> [YOUR TASK]: After locating the line that holds "[0, 2*(\<gamma>-1)*(\<phi> 3", output it and all following lines word for word, stopping only at the end of the data.
==========
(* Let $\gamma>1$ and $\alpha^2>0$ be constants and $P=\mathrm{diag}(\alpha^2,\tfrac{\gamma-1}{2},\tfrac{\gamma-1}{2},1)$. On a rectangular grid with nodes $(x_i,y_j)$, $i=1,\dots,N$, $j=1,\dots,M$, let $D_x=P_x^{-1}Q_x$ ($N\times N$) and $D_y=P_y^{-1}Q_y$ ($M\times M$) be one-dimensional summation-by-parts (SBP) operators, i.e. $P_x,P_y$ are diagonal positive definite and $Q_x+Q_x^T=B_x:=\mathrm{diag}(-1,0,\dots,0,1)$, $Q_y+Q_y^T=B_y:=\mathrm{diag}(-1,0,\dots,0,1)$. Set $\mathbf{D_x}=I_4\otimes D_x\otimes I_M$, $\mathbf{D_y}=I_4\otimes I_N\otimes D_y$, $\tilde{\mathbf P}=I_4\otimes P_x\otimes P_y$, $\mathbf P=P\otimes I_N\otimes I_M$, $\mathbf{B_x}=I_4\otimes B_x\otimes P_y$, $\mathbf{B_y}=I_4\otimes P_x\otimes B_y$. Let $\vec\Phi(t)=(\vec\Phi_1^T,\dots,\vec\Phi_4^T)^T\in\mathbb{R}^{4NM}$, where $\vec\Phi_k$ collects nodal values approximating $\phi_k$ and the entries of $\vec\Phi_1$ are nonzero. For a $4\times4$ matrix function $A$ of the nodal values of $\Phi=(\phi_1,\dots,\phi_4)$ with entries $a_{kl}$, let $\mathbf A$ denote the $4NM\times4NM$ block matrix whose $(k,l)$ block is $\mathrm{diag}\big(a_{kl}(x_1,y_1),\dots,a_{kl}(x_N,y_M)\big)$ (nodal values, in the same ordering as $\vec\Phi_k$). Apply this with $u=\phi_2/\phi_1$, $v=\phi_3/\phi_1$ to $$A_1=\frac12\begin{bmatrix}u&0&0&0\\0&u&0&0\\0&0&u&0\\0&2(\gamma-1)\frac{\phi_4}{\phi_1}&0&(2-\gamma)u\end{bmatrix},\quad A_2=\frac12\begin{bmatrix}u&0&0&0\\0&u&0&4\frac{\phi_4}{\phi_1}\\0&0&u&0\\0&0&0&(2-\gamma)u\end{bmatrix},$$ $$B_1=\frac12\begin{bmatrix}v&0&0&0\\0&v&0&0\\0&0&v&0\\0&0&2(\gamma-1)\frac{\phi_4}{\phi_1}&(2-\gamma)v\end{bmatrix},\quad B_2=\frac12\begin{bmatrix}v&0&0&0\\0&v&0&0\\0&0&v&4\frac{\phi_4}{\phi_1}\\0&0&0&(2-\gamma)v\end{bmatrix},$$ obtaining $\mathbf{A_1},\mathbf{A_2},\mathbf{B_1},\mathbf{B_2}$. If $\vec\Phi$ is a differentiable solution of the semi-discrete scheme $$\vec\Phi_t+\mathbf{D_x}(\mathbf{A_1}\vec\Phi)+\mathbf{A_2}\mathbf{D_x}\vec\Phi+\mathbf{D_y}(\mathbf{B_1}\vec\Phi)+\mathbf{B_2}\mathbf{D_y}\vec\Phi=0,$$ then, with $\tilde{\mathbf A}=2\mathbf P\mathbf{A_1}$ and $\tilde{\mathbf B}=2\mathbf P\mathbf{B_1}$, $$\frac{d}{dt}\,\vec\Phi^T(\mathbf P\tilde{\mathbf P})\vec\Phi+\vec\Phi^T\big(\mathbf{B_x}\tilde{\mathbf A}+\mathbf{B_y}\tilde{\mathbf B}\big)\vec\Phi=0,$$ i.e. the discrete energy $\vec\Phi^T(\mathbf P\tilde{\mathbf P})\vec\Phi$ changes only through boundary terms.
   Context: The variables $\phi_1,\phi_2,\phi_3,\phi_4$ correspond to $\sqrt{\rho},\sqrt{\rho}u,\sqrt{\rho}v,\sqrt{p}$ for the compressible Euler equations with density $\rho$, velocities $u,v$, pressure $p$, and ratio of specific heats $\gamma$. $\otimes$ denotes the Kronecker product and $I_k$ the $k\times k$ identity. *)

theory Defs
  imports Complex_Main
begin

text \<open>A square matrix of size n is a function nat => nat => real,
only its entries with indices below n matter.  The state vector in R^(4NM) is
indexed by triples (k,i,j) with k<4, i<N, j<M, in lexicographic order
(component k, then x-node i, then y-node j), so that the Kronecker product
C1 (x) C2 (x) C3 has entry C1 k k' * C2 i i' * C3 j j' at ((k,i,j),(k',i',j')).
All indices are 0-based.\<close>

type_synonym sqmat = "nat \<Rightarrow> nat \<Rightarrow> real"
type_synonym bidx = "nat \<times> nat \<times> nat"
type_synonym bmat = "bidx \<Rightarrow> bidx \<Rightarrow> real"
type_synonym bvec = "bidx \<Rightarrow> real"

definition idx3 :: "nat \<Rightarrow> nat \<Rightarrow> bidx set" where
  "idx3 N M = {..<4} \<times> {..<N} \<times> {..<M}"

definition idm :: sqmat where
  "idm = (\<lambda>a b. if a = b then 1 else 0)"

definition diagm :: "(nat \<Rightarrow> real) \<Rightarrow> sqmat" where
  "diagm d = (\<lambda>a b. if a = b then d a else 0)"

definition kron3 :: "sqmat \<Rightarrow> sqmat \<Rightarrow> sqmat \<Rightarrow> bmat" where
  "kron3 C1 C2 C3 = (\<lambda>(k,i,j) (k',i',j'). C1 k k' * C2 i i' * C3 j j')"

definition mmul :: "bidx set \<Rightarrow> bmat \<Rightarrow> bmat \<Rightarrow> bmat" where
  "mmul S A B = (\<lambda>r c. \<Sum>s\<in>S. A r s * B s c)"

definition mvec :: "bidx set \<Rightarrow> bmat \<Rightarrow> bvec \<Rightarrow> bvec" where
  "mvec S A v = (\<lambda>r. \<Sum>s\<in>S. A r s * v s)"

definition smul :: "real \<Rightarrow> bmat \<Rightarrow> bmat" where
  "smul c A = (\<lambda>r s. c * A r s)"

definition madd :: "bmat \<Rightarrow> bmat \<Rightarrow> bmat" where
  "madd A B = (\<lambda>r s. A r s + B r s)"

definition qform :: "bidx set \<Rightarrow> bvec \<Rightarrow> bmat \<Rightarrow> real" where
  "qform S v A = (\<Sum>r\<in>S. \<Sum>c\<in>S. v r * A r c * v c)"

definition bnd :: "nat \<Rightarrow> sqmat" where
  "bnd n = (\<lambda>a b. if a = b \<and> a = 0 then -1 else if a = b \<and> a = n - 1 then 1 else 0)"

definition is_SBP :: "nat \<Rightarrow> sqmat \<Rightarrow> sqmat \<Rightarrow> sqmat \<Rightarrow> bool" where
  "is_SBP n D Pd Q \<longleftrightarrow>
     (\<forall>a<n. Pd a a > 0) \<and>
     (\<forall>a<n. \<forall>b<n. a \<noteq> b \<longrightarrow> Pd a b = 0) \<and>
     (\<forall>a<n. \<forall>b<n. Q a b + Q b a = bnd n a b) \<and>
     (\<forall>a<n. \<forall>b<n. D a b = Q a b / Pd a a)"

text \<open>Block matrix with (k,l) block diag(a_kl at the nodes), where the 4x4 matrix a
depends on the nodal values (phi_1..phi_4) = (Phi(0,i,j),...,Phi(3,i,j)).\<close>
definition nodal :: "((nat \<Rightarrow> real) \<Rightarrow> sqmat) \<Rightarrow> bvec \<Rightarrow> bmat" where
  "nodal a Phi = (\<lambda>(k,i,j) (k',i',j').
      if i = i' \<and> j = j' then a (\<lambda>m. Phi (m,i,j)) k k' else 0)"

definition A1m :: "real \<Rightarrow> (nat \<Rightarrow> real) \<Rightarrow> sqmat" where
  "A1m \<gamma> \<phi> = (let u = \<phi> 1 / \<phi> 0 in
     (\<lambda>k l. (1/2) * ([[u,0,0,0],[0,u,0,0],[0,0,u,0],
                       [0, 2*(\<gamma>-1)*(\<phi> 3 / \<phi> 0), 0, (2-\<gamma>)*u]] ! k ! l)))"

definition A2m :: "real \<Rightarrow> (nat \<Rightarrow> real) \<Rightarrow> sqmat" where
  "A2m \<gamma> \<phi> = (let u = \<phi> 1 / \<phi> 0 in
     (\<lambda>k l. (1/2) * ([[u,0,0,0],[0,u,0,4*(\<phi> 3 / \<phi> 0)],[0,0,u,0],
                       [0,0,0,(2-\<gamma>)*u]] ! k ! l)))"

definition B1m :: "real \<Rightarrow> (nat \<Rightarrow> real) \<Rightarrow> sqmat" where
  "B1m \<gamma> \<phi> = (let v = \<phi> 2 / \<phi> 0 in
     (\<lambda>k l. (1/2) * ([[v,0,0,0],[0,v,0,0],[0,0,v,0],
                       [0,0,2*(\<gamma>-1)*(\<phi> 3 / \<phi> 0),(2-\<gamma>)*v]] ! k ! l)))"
==========
> [WRITTEN RESPONSE]:
                       [0, 2*(\<gamma>-1)*(\<phi> 3 / \<phi> 0), 0, (2-\<gamma>)*u]] ! k ! l)))"

definition A2m :: "real \<Rightarrow> (nat \<Rightarrow> real) \<Rightarrow> sqmat" where
  "A2m \<gamma> \<phi> = (let u = \<phi> 1 / \<phi> 0 in
     (\<lambda>k l. (1/2) * ([[u,0,0,0],[0,u,0,4*(\<phi> 3 / \<phi> 0)],[0,0,u,0],
                       [0,0,0,(2-\<gamma>)*u]] ! k ! l)))"

definition B1m :: "real \<Rightarrow> (nat \<Rightarrow> real) \<Rightarrow> sqmat" where
  "B1m \<gamma> \<phi> = (let v = \<phi> 2 / \<phi> 0 in
     (\<lambda>k l. (1/2) * ([[v,0,0,0],[0,v,0,0],[0,0,v,0],
                       [0,0,2*(\<gamma>-1)*(\<phi> 3 / \<phi> 0),(2-\<gamma>)*v]] ! k ! l)))"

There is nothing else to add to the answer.